The Kingdom worldview, however, is option 4; that this is a perfect picture of the Kingdom of God — of how God wants the world to be. Not only does it portray the most potentially magnificent lifestyle for we human beings but the outcomes of all our troubles today simply don’t appear in the picture at all. And God still describes his own dream as being ‘very good’. It breathtakingly describes family life with him at its very, very best. It describes our lives, physical, emotional and spiritual as being the best. It describes our relationships with each other and with God himself as being both intertwined and at their best. And God describes his picture as being ‘very good’.
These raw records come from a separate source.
(* There exists an absolute constant $c>0$ such that the following holds. Let $(\mathsf{CAL}_T)_{T\ge1}$ be calibration measures and $\varepsilon:\mathbb Z_{>0}\to[0,\infty)$ a function such that for every positive integer $T$: (1) (Actionability) for every decision task $Z=(A,U)$ with $U:A\times\{0,1\}\to[0,1]$ and every $\alpha\ge0$ there exists a randomized response function $r_{Z,\alpha}:[0,1]\to\Delta(A)$ (not depending on the distribution) such that every distribution $\mathcal D$ on $[0,1]\times\{0,1\}$ with $\mathsf{CAL}_T(\mathcal D)\le\alpha$ satisfies $\mathsf{SR}_Z(r_{Z,\alpha},\mathcal D)\le\alpha$; and (2) (Testability) for every calibrated distribution $\mathcal D$ on $[0,1]\times\{0,1\}$, if $S_T$ is the uniform distribution over $T$ i.i.d. samples from $\mathcal D$, then $\mathbb E[\mathsf{CAL}_T(S_T)]\le\varepsilon(T)$. Then $\varepsilon(T)\ge c\,T^{-1/2}$ for every positive integer $T$.
   Context: A calibration measure $\mathsf{CAL}_T$ assigns a nonnegative real number to each distribution of pairs $(p,y)\in[0,1]\times\{0,1\}$ (in particular to uniform distributions over finite samples). A distribution of $(p,y)$ is calibrated if $\mathbb E[y\mid p]=p$. A decision task $Z=(A,U)$ consists of an action set $A$ and a utility function $U:A\times\{0,1\}\to[0,1]$. For a randomized response function $r:[0,1]\to\Delta(A)$ and a distribution $\mathcal D$ on $[0,1]\times\{0,1\}$, the swap regret is $\mathsf{SR}_Z(r,\mathcal D)=\sup_{\sigma:A\to A}\mathbb E_{(p,y)\sim\mathcal D,\,a\sim r(p)}[U(\sigma(a),y)-U(a,y)]$. *)

theory Defs
  imports "HOL-Probability.Probability"
begin

text \<open>Distributions of pairs (p,y) in [0,1] x {0,1}; the label y is encoded as a bool
  (True = 1). Distributions are represented as (discrete) pmfs.\<close>

definition valid_dist :: "(real \<times> bool) pmf \<Rightarrow> bool" where
  "valid_dist D \<longleftrightarrow> (\<forall>x\<in>set_pmf D. fst x \<in> {0..1})"

text \<open>Calibration: E[y | p] = p, i.e. P(p, y=1) = p * P(p) for every value p.\<close>
definition calibrated :: "(real \<times> bool) pmf \<Rightarrow> bool" where
  "calibrated D \<longleftrightarrow>
     (\<forall>p. measure_pmf.prob D {(p, True)} = p * measure_pmf.prob D ({p} \<times> UNIV))"
lemma l1norm_traj_psi_diff_Suc_le:
  assumes "0 \<le> 1 + C $ i $ i" "0 \<le> lam t"
  shows "l1norm (traj_psi D (Suc t) - traj_psi D' (Suc t))
    \<le> (1 + C $ i $ i) * l1norm (traj_psi D t - traj_psi D' t)
       + lam t * l1norm (avg_grad (gl i) (traj_theta D t) D t - avg_grad (gl i) (traj_theta D' t) D' t)"
  using assms unfolding traj_psi_diff_Suc
  by (metis (no_types, lifting) abs_of_nonneg l1norm_scaleR l1norm_triangle)

lemma l1norm_traj_theta_diff_Suc_le:
  assumes "0 \<le> 1 + R $ i $ i" and gain: "\<bar>inv_u_estimate R i t\<bar> \<le> A"
  shows "l1norm (traj_theta D (Suc t) - traj_theta D' (Suc t))
    \<le> (1 + R $ i $ i) * l1norm (traj_theta D t - traj_theta D' t)
       + A * (l1norm (traj_psi D (Suc t) - traj_psi D' (Suc t)) + l1norm (traj_psi D t - traj_psi D' t))"
proof -
  have "l1norm (traj_theta D (Suc t) - traj_theta D' (Suc t))
    \<le> (1 + R $ i $ i) * l1norm (traj_theta D t - traj_theta D' t)
       + \<bar>inv_u_estimate R i t\<bar>
         * l1norm ((traj_psi D (Suc t) - traj_psi D' (Suc t)) - (traj_psi D t - traj_psi D' t))"
    using assms(1) l1norm_diff_le unfolding traj_theta_diff_Suc by (metis abs_of_nonneg l1norm_scaleR)
  also have "\<dots> \<le> (1 + R $ i $ i) * l1norm (traj_theta D t - traj_theta D' t)
       + A * (l1norm (traj_psi D (Suc t) - traj_psi D' (Suc t)) + l1norm (traj_psi D t - traj_psi D' t))"
    using gain by (intro add_left_mono mult_mono l1norm_diff_le) (auto intro: add_nonneg_nonneg l1norm_nonneg)
  finally show ?thesis .
qed
lemma residual_le_step: "(norm (x n - T n (x n)))^2 \<le> (norm (x (Suc n) - x n))^2"
proof -
  have "(norm (x n - T n (x n)))^2 + (norm (x (Suc n) - T n (x n)))^2 \<le> (norm (x (Suc n) - x n))^2"
    using halfsp_pythagoras[of "x (Suc n)" "x n" "T n (x n)"] cut_step[OF running[of n]] by auto
  then show ?thesis using zero_le_power2[of "norm (x (Suc n) - T n (x n))"] by linarith
qed

lemma sq_dist_incseq: "incseq (\<lambda>n. (norm (x n - x0))^2)"
proof (rule incseq_SucI)
  show "(norm (x n - x0))^2 \<le> (norm (x (Suc n) - x0))^2" for n
    using sq_dist_increment[of n] zero_le_power2[of "norm (x (Suc n) - x n)"] by linarith
qed

lemma cluster_in_F:
  assumes coh: "coherent F T" and K: "\<And>n. (norm (x n - x0))^2 \<le> K"
  shows "\<exists>q\<in>F. weak_cluster_point x q"
proof -
  have bd: "bounded (range x)" using K by (rule bounded_range_if_sq_dist_le)
  have moves: "summable (\<lambda>n. (norm (x (Suc n) - x n))^2)"
    using sq_dist_increment K by (intro summable_if_le_increments[of _ "\<lambda>n. (norm (x n - x0))^2" K])
      (auto simp: algebra_simps)
  have steps: "summable (\<lambda>n. (norm (x n - T n (x n)))^2)"
    by (rule summable_comparison_test[OF _ moves]) (use residual_le_step in auto)
  obtain q where "weak_cluster_point x q" using bounded_weak_cluster_point[OF bd] by blast
  then show ?thesis using coherent_cluster_point[OF coh bd moves steps] by blast
qed

lemma F_sq_dist_gap:
  assumes "p \<in> F"
  shows "(norm (x n - x0))^2 + (norm (p - x n))^2 \<le> (norm (p - x0))^2"
  using halfsp_pythagoras[of p x0 "x n"] F_in_cut[of n] running assms
  by (auto simp: norm_minus_commute)

(* Case F \<noteq> {}: ||x_n - x0||^2 increases to ||P_F x0 - x0||^2, forcing x_n \<rightarrow> P_F x0. *)
lemma strong_convergence:
  assumes coh: "coherent F T" and "closed F" "convex F" "F \<noteq> {}"
  shows "x \<longlonglongrightarrow> proj F x0"
proof -
  define p where "p = proj F x0"
  have pF: "p \<in> F" and p_near: "\<And>y. y \<in> F \<Longrightarrow> norm (x0 - p) \<le> norm (x0 - y)"
    using proj_nearest[OF assms(2-4), of x0] by (auto simp: p_def)
  define \<delta> where "\<delta> = (norm (p - x0))^2"
  have gap: "(norm (x n - p))^2 \<le> \<delta> - (norm (x n - x0))^2" for n
    using F_sq_dist_gap[OF pF, of n] by (simp add: \<delta>_def norm_minus_commute)
  then have le_\<delta>: "(norm (x n - x0))^2 \<le> \<delta>" for n
    using gap[of n] zero_le_power2[of "norm (x n - p)"] by linarith
  define A where "A = (SUP n. (norm (x n - x0))^2)"
  have bdd: "bdd_above (range (\<lambda>n. (norm (x n - x0))^2))" using le_\<delta> by (intro bdd_aboveI2)
  have lim_A: "(\<lambda>n. (norm (x n - x0))^2) \<longlonglongrightarrow> A"
    unfolding A_def by (rule LIMSEQ_incseq_SUP[OF bdd sq_dist_incseq])
  have le_A: "(norm (x n - x0))^2 \<le> A" for n unfolding A_def by (rule cSUP_upper[OF _ bdd]) simp
  obtain q where "q \<in> F" "weak_cluster_point x q" using cluster_in_F[OF coh le_\<delta>] by blast
  then have "\<delta> \<le> (norm (q - x0))^2"
    using p_near[of q] by (simp add: \<delta>_def norm_minus_commute power_mono)
  also have "\<dots> \<le> A" by (rule weak_cluster_point_sq_dist_le[OF \<open>weak_cluster_point x q\<close> le_A])
  finally have "A = \<delta>" using le_\<delta> unfolding A_def by (intro antisym cSUP_least) auto
  then have lim_gap: "(\<lambda>n. \<delta> - (norm (x n - x0))^2) \<longlonglongrightarrow> 0"
    using tendsto_diff[OF tendsto_const lim_A, of \<delta>] by simp
  have "(\<lambda>n. (norm (x n - p))^2) \<longlonglongrightarrow> 0"
    by (rule tendsto_sandwich[OF _ _ tendsto_const lim_gap]) (simp_all add: gap)
  then have "(\<lambda>n. norm (x n - p)) \<longlonglongrightarrow> 0"
    using tendsto_real_sqrt[of "\<lambda>n. (norm (x n - p))^2" 0] by simp
  then show ?thesis unfolding p_def[symmetric] by (simp add: LIM_zero_cancel tendsto_norm_zero_iff)
qed

(* Case F = {}: ||x_n - x0||^2 is increasing and cannot be bounded (a bound would give a
   point of F), so ||x_n|| \<rightarrow> \<infinity>. *)
lemma norm_diverges:
  assumes coh: "coherent F T" and "F = {}"
  shows "filterlim (\<lambda>n. norm (x n)) at_top sequentially"
  unfolding filterlim_at_top
proof
  fix Z :: real
  have "\<not> (\<forall>n. (norm (x n - x0))^2 \<le> (max 0 (Z + norm x0))^2)"
    using cluster_in_F[OF coh] assms(2) by blast
  then obtain N where N: "(max 0 (Z + norm x0))^2 < (norm (x N - x0))^2" by (meson not_le)
  show "\<forall>\<^sub>F n in sequentially. Z \<le> norm (x n)"
    using eventually_ge_at_top[of N]
  proof (rule eventually_mono)
    fix n assume "N \<le> n"
    then have "(max 0 (Z + norm x0))^2 < (norm (x n - x0))^2"
      using N sq_dist_incseq by (auto simp: incseq_def intro: less_le_trans)
    then have "max 0 (Z + norm x0) < norm (x n - x0)" by (rule power_less_imp_less_base) simp
    then show "Z \<le> norm (x n)" using norm_triangle_ineq4[of "x n" x0] by linarith
  qed
qed
(* Let $(X,\mathtt{d})$ be a finite metric space with $X=\bigsqcup_{i=1}^sX_i$, and consider $k$-center clustering with $z$ outliers on $X$ with optimal radius $r_{\mathtt{opt}}$ and an optimal outlier set $O=\bigsqcup_{i=1}^sO_i$ with $O_i\subseteq X_i$ and $z_i^*=|O_i|$. Then $2r_{\mathtt{opt}}\geq\max_{1\leq i\leq s}r_{\mathtt{opt}}(X_i,k,z_i^* )$.
   Context: For a finite metric set $Y$ of size $N$ and integer $0\leq w<N$, $r_{\mathtt{opt}}(Y,k,w)$ denotes the optimal value of $k$-center clustering with $w$ outliers on $Y$: the minimum over $Y'\subseteq Y$ with $|Y'|\geq N-w$ and centers $c_1,\dots,c_k\in Y$ of $\max_{p\in Y'}\min_j\mathtt{d}(p,c_j)$. $r_{\mathtt{opt}}=r_{\mathtt{opt}}(X,k,z)$, and $O$ is the set of $z$ points excluded by a fixed optimal solution on $X$. *)

theory Defs
  imports "HOL-Analysis.Analysis"
begin

definition kc_cost :: "'a::metric_space set \<Rightarrow> nat \<Rightarrow> (nat \<Rightarrow> 'a) \<Rightarrow> real" where
  "kc_cost Y' k c = Max (insert 0 ((\<lambda>p. Min ((\<lambda>j. dist p (c j)) ` {..<k})) ` Y'))"

definition r_opt :: "'a::metric_space set \<Rightarrow> nat \<Rightarrow> nat \<Rightarrow> real" where
  "r_opt Y k w = Min {kc_cost Y' k c | Y' c.
      Y' \<subseteq> Y \<and> card Y' \<ge> card Y - w \<and> c ` {..<k} \<subseteq> Y}"

end

theory Submission
  imports Defs
begin

text \<open>If centers c serve the unremoved points X - Out within radius r, then every part P of X
  (keeping the outliers Out \<inter> P) can be served within 2r by centers taken inside P: replace each
  center c j by a point of P - Out at distance at most r from it, when there is one. By the
  triangle inequality a point of P - Out served by c j is then within 2r of its substitute.\<close>

lemma kc_cost_restrict_centers: "kc_cost Y' k c = kc_cost Y' k (restrict c {..<k})"
  unfolding kc_cost_def
  by (intro arg_cong[where f=Max] arg_cong[where f="insert 0"] image_cong refl) auto

lemma finite_kc_costs:
  assumes "finite Y"
  shows "finite {kc_cost Y' k c | Y' c. Y' \<subseteq> Y \<and> card Y' \<ge> card Y - w \<and> c ` {..<k} \<subseteq> Y}"
proof -
  have "{kc_cost Y' k c | Y' c. Y' \<subseteq> Y \<and> card Y' \<ge> card Y - w \<and> c ` {..<k} \<subseteq> Y}
        \<subseteq> (\<lambda>(Y', f). kc_cost Y' k f) ` (Pow Y \<times> PiE {..<k} (\<lambda>_. Y))"
  proof
    fix x assume "x \<in> {kc_cost Y' k c | Y' c. Y' \<subseteq> Y \<and> card Y' \<ge> card Y - w \<and> c ` {..<k} \<subseteq> Y}"
    then obtain Y' c where x: "x = kc_cost Y' k c" "Y' \<subseteq> Y" "c ` {..<k} \<subseteq> Y" by blast
    then have "(Y', restrict c {..<k}) \<in> Pow Y \<times> PiE {..<k} (\<lambda>_. Y)" by auto
    then show "x \<in> (\<lambda>(Y', f). kc_cost Y' k f) ` (Pow Y \<times> PiE {..<k} (\<lambda>_. Y))"
      using x(1) kc_cost_restrict_centers by (intro image_eqI[where x="(Y', restrict c {..<k})"]) auto
  qed
  moreover have "finite (Pow Y \<times> PiE {..<k} (\<lambda>_. Y))"
    using assms by (intro finite_cartesian_product finite_PiE) auto
  ultimately show ?thesis by (rule finite_subset[OF _ finite_imageI])
qed

lemma r_opt_le_kc_cost:
  assumes "finite Y" "Y' \<subseteq> Y" "card Y' \<ge> card Y - w" "c ` {..<k} \<subseteq> Y"
  shows "r_opt Y k w \<le> kc_cost Y' k c"
  unfolding r_opt_def using assms by (intro Min_le finite_kc_costs) blast+

lemma kc_cost_nonneg:
  assumes "finite Y'"
  shows "0 \<le> kc_cost Y' k c"
  unfolding kc_cost_def using assms by (intro Max_ge) auto

lemma kc_cost_covers:
  assumes "finite Y'" "p \<in> Y'" "k \<ge> 1"
  obtains j where "j < k" "dist p (c j) \<le> kc_cost Y' k c"
proof -
  have "(\<lambda>j. dist p (c j)) ` {..<k} \<noteq> {}" using assms(3) by (auto simp: lessThan_empty_iff)
  then have "Min ((\<lambda>j. dist p (c j)) ` {..<k}) \<in> (\<lambda>j. dist p (c j)) ` {..<k}"
    by (intro Min_in) auto
  then obtain j where j: "j < k" "Min ((\<lambda>j. dist p (c j)) ` {..<k}) = dist p (c j)"
    by auto
  have "Min ((\<lambda>j. dist p (c j)) ` {..<k}) \<le> kc_cost Y' k c"
    unfolding kc_cost_def using assms by (intro Max_ge) auto
  with j that show thesis by simp
qed

lemma kc_cost_le:
  assumes "finite Y'" "r \<ge> 0" "\<And>p. p \<in> Y' \<Longrightarrow> \<exists>j<k. dist p (c j) \<le> r"
  shows "kc_cost Y' k c \<le> r"
proof -
  have "Min ((\<lambda>j. dist p (c j)) ` {..<k}) \<le> r" if "p \<in> Y'" for p
    using assms(3)[OF that] by (auto intro: Min_le_iff[THEN iffD2])
  then show ?thesis
    unfolding kc_cost_def using assms(1,2) by (auto simp: Max_le_iff)
qed

lemma kc_cost_recenter:
  assumes "finite Y'" "k \<ge> 1" "A \<subseteq> Y'" "A \<subseteq> B" "B \<noteq> {}"
  obtains c' where "c' ` {..<k} \<subseteq> B" "kc_cost A k c' \<le> 2 * kc_cost Y' k c"
proof -
  define r where "r = kc_cost Y' k c"
  have "\<exists>q. q \<in> B \<and> ((\<exists>p\<in>A. dist p (c j) \<le> r) \<longrightarrow> dist q (c j) \<le> r)" for j
    using assms(4,5) by blast
  then obtain c' where c': "\<And>j. c' j \<in> B" "\<And>j p. p \<in> A \<Longrightarrow> dist p (c j) \<le> r \<Longrightarrow> dist (c' j) (c j) \<le> r"
    by metis
  have "\<exists>j<k. dist p (c' j) \<le> 2 * r" if p: "p \<in> A" for p
  proof -
    obtain j where j: "j < k" "dist p (c j) \<le> r"
      using kc_cost_covers[of Y' p k c] assms(1-3) p r_def by auto
    have "dist p (c' j) \<le> dist p (c j) + dist (c' j) (c j)"
      using dist_triangle[of p "c' j" "c j"] by (simp add: dist_commute)
    also have "\<dots> \<le> 2 * r" using c'(2)[OF p j(2)] j(2) by simp
    finally show ?thesis using j(1) by blast
  qed
  moreover have "finite A" using assms(1,3) finite_subset by blast
  moreover have "r \<ge> 0" using kc_cost_nonneg[OF assms(1)] r_def by simp
  ultimately have "kc_cost A k c' \<le> 2 * r" by (intro kc_cost_le) auto
  with c'(1) that r_def show thesis by blast
qed

lemma r_opt_part_le:
  assumes "finite X" "k \<ge> 1" "P \<subseteq> X" "P \<noteq> {}"
  shows "r_opt P k (card (Out \<inter> P)) \<le> 2 * kc_cost (X - Out) k c"
proof -
  have "finite P" using assms(1,3) finite_subset by blast
  obtain c' where c': "c' ` {..<k} \<subseteq> P" "kc_cost (P - Out) k c' \<le> 2 * kc_cost (X - Out) k c"
    using kc_cost_recenter[of "X - Out" k "P - Out" P c] assms by blast
  have "card (P - Out) \<ge> card P - card (Out \<inter> P)"
    using card_Diff_subset_Int[of P Out] \<open>finite P\<close> by (simp add: Int_commute)
  then have "r_opt P k (card (Out \<inter> P)) \<le> kc_cost (P - Out) k c'"
    using \<open>finite P\<close> c'(1) by (intro r_opt_le_kc_cost) auto
  with c'(2) show ?thesis by linarith
qed

theorem lemma18:
  fixes X :: "'a::metric_space set" and Xs :: "nat \<Rightarrow> 'a set"
    and s k z :: nat and Out :: "'a set"
  assumes "finite X"
    and "k \<ge> 1" and "z < card X"
    and "s \<ge> 1"
    and "X = (\<Union>i\<in>{1..s}. Xs i)"
    and "\<And>i j. i \<in> {1..s} \<Longrightarrow> j \<in> {1..s} \<Longrightarrow> i \<noteq> j \<Longrightarrow> Xs i \<inter> Xs j = {}"
    and "\<And>i. i \<in> {1..s} \<Longrightarrow> Xs i \<noteq> {}"
    and "Out \<subseteq> X" and "card Out = z"
    and "\<exists>c. c ` {..<k} \<subseteq> X \<and> kc_cost (X - Out) k c = r_opt X k z"
  shows "2 * r_opt X k z \<ge> Max ((\<lambda>i. r_opt (Xs i) k (card (Out \<inter> Xs i))) ` {1..s})"
proof -
  obtain c where c: "kc_cost (X - Out) k c = r_opt X k z" using assms(10) by blast
  have "r_opt (Xs i) k (card (Out \<inter> Xs i)) \<le> 2 * r_opt X k z" if "i \<in> {1..s}" for i
  proof -
    have "Xs i \<subseteq> X" using assms(5) that by blast
    then show ?thesis using r_opt_part_le[of X k "Xs i" Out c] assms(1,2,7) that c by simp
  qed
  then show ?thesis using assms(4) by (subst Max_le_iff) auto
qed

end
The humans in the story then ‘muddied the water’ entirely by deciding they could work things out better for themselves — the most enormous error that most of us continue to make to this day. We lost everything.

Now we see Jesus in his earthly ministry, overflowing with compassion, with inclusion, with healing, with restoration, displaying the never-changing state of God’s mind towards us, a longing to see us living in our ordained family life — back in the spiritual garden with him.

We do not get closer to this ideal through regularity of church attendance or through the perfectly repetitive performance of our religion’s rituals. No, we come closer to the idea through our own discipling, through paying close attention to the words and works of Jesus that reflect God’s nature into the world. We come closer through allowing God to rebuild our relating to himself.